# Work to complete:
Please repeat exactly the lines below from the one containing "v = (\<Sum>k<totient" down to the one containing "v \<in> Lam", both included, and nothing else.

# Records for the exercise:
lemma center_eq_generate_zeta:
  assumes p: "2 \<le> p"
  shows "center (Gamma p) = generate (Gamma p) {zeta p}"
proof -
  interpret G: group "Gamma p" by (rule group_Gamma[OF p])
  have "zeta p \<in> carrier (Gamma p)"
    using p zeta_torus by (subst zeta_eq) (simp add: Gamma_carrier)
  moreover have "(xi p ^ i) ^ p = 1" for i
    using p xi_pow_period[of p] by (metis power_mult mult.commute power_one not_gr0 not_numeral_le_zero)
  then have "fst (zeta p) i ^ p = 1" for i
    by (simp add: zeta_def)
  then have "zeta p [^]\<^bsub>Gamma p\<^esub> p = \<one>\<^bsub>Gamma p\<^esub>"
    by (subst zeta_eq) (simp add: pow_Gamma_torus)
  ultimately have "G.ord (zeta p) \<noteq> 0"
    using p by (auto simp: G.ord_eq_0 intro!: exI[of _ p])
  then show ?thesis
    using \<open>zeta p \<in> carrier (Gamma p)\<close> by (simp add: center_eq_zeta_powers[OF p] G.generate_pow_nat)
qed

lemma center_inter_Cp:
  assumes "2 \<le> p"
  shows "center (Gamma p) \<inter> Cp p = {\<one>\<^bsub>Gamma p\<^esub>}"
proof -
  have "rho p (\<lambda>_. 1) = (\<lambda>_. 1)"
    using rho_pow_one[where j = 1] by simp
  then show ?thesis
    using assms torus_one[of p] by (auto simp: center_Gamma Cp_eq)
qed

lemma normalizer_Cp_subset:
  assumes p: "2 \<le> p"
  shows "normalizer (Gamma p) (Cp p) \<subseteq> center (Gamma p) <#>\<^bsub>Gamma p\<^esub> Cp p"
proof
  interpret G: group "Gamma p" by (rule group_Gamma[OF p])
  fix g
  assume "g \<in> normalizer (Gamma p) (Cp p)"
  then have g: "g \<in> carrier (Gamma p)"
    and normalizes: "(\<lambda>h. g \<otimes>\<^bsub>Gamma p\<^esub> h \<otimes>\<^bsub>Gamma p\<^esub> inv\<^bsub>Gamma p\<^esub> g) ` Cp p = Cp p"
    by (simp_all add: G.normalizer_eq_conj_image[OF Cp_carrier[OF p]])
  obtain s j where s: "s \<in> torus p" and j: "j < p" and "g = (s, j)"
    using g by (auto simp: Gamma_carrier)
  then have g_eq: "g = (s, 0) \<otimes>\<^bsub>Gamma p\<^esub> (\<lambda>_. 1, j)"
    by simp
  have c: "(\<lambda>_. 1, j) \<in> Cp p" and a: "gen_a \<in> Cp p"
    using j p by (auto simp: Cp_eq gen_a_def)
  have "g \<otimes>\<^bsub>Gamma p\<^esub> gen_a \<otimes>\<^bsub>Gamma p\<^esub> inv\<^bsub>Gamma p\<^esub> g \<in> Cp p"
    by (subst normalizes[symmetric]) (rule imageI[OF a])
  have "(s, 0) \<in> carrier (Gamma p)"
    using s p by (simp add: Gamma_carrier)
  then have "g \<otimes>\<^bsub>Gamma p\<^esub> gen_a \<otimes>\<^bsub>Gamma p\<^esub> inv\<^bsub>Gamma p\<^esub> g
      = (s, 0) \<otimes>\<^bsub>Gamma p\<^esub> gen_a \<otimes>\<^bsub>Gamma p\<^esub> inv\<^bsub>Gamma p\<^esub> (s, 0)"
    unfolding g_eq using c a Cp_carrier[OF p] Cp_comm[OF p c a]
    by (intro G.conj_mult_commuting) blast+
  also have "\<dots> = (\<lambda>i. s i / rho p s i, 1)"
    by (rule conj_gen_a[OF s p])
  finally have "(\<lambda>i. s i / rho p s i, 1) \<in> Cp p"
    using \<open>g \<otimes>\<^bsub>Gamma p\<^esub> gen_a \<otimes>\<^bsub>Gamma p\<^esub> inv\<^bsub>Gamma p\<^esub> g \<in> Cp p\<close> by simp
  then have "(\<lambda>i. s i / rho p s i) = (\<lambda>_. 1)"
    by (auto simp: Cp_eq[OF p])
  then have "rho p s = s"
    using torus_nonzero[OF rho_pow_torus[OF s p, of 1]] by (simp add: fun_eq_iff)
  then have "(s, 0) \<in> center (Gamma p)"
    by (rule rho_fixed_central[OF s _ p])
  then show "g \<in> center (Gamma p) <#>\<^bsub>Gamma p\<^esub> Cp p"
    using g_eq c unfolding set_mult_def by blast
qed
...
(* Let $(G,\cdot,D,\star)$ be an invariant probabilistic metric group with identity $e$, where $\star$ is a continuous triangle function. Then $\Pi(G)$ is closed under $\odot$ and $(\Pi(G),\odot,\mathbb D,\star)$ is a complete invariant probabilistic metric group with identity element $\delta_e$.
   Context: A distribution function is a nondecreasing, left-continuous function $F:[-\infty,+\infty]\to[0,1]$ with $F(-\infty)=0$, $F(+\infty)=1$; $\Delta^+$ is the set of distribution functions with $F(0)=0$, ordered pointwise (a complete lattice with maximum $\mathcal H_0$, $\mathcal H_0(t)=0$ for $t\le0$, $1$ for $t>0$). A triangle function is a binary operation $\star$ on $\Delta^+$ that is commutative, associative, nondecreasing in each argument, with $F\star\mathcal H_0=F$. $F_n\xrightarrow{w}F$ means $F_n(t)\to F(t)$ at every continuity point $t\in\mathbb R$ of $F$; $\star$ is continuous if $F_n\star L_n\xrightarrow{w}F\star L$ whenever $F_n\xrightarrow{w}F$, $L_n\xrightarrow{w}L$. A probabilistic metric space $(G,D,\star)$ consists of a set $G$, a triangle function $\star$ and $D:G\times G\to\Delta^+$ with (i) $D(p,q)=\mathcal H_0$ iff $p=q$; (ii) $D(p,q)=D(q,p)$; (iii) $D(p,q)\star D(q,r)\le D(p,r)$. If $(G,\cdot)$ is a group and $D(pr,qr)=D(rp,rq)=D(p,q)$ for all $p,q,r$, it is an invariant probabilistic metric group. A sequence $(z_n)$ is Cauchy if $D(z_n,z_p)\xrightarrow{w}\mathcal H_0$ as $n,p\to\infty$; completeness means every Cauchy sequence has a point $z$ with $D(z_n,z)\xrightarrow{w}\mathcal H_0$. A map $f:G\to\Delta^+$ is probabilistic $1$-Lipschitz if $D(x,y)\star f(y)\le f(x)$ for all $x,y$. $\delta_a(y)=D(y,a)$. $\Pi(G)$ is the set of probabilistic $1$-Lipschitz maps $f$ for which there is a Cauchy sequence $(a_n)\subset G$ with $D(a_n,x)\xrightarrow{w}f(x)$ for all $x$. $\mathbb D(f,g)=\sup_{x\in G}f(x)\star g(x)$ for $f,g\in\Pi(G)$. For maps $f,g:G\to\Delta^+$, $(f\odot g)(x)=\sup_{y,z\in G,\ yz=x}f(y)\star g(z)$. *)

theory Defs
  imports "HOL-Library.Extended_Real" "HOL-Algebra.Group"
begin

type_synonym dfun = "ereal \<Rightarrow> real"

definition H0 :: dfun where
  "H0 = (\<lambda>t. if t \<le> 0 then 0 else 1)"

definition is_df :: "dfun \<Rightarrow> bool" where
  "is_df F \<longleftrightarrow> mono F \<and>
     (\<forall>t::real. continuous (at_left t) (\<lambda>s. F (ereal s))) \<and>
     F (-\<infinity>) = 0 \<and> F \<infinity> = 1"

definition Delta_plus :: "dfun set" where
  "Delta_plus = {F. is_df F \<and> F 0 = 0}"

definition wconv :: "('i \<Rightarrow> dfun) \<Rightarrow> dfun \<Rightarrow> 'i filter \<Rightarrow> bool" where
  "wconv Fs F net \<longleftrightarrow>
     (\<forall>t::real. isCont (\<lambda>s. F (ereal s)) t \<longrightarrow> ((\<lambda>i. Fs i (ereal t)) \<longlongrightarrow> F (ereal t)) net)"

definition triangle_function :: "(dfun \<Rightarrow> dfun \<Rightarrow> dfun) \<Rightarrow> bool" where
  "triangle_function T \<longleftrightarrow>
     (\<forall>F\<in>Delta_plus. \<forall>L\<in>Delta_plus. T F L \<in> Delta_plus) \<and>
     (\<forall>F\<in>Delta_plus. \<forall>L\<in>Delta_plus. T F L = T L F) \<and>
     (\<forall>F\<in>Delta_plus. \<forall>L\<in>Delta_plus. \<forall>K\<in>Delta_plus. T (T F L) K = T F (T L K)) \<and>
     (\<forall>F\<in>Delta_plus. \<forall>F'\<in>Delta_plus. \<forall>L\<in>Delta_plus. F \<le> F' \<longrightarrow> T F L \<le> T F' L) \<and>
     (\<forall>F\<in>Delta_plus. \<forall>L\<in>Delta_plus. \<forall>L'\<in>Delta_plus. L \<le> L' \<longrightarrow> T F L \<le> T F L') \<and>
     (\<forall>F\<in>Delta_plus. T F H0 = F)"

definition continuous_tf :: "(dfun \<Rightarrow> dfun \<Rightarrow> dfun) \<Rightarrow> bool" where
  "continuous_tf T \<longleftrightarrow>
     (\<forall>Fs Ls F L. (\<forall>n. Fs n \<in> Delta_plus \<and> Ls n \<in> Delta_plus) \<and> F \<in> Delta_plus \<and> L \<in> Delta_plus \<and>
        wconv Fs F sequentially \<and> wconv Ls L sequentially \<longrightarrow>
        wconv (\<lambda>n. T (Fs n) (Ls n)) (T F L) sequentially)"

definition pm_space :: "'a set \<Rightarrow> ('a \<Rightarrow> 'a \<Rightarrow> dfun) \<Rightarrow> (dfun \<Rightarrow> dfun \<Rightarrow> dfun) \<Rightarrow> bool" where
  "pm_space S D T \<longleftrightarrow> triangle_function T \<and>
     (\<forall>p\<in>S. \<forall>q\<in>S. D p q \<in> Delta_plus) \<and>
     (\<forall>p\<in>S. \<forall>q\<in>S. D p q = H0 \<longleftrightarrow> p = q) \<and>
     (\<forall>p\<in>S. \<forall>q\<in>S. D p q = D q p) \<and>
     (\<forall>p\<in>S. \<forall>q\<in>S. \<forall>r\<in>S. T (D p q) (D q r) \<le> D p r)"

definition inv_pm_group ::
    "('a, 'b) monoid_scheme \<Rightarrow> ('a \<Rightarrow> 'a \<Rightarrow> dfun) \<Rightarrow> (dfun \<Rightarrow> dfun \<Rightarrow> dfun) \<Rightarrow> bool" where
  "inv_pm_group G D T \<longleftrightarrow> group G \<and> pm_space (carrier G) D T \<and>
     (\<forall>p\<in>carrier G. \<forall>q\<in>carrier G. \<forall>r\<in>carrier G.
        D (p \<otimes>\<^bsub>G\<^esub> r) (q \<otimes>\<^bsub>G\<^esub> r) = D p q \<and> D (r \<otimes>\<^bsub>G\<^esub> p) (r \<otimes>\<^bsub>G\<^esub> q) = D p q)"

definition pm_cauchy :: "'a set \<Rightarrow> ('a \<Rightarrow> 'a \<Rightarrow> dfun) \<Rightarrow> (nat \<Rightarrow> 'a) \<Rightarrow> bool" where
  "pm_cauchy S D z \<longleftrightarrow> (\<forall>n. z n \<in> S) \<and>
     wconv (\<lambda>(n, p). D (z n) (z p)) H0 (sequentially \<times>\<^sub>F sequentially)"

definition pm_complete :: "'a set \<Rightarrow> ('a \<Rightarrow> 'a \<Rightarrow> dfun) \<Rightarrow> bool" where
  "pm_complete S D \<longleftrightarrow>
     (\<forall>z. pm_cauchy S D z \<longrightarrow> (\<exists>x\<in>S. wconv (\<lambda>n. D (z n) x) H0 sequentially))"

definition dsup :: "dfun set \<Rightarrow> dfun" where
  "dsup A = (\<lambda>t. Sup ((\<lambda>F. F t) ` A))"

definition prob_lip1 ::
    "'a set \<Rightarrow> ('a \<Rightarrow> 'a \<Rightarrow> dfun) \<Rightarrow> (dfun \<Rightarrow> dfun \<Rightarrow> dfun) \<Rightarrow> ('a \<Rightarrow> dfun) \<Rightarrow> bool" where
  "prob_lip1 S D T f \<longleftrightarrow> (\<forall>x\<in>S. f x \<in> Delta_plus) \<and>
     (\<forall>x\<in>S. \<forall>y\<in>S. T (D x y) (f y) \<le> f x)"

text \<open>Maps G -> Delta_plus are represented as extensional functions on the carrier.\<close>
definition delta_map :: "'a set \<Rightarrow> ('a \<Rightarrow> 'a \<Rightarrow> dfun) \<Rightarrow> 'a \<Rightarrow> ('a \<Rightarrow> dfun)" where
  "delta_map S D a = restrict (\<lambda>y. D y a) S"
...
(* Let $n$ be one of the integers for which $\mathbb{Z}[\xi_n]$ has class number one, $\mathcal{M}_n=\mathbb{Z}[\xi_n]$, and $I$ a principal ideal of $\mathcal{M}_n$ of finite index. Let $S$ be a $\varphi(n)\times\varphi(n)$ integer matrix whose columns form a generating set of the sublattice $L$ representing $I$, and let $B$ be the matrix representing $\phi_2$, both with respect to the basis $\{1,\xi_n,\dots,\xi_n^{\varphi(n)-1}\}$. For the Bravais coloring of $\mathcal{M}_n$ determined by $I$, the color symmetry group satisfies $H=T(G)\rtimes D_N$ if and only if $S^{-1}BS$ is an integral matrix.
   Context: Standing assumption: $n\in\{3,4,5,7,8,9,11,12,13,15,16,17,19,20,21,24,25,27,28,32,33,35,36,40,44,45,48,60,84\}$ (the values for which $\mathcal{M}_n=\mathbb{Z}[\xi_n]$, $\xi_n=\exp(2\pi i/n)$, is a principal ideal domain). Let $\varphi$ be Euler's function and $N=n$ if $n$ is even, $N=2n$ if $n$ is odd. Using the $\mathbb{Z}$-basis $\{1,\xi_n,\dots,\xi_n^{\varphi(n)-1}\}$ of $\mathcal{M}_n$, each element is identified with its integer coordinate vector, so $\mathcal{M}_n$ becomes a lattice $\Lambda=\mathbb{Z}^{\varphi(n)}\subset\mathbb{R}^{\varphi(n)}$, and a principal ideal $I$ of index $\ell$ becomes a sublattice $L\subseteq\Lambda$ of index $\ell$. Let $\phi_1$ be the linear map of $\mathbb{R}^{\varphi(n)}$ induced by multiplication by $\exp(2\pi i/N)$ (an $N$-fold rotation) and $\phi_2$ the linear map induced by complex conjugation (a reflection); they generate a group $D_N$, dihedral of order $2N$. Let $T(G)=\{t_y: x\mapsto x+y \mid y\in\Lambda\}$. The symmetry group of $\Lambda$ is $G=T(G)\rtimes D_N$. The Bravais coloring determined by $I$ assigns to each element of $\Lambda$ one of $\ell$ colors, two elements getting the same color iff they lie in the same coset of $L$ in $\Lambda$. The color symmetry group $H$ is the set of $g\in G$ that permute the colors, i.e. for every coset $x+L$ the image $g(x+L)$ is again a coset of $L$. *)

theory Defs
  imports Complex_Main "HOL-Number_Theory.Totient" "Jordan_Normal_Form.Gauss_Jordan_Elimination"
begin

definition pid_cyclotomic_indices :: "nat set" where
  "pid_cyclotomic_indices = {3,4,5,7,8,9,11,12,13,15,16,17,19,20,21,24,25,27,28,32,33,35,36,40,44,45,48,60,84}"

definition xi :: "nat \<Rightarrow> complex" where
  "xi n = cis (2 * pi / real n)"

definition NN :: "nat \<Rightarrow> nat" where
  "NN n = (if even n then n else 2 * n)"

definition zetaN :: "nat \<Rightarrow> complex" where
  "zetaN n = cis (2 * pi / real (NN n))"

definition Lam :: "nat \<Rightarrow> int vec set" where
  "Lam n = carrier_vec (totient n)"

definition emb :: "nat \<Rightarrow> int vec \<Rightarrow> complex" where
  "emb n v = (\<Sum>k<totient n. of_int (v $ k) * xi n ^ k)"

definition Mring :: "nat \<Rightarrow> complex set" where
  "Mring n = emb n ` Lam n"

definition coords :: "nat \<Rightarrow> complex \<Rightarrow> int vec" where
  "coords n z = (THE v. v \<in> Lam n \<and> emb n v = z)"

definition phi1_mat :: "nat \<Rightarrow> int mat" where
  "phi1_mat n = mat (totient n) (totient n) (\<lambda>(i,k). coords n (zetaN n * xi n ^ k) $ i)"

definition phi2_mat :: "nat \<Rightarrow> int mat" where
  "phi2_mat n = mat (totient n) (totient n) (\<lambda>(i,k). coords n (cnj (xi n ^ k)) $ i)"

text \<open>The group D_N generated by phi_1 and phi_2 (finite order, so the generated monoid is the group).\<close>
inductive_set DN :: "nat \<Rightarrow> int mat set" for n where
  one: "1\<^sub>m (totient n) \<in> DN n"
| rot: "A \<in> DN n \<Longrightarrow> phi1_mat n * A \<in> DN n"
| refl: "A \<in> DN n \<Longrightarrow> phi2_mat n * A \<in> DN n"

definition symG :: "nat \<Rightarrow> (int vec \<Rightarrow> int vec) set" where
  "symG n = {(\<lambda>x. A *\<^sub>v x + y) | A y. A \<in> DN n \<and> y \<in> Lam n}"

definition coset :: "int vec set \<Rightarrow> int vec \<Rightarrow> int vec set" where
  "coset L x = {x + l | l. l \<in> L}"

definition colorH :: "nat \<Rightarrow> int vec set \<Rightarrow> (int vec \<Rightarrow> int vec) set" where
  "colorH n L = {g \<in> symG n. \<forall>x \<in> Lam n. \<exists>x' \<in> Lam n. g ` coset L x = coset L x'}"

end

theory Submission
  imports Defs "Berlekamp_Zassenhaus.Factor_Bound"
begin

# Task answer:
  "emb n v = (\<Sum>k<totient n. of_int (v $ k) * xi n ^ k)"

definition Mring :: "nat \<Rightarrow> complex set" where
  "Mring n = emb n ` Lam n"

definition coords :: "nat \<Rightarrow> complex \<Rightarrow> int vec" where
  "coords n z = (THE v. v \<in> Lam n \<and> emb n v = z)"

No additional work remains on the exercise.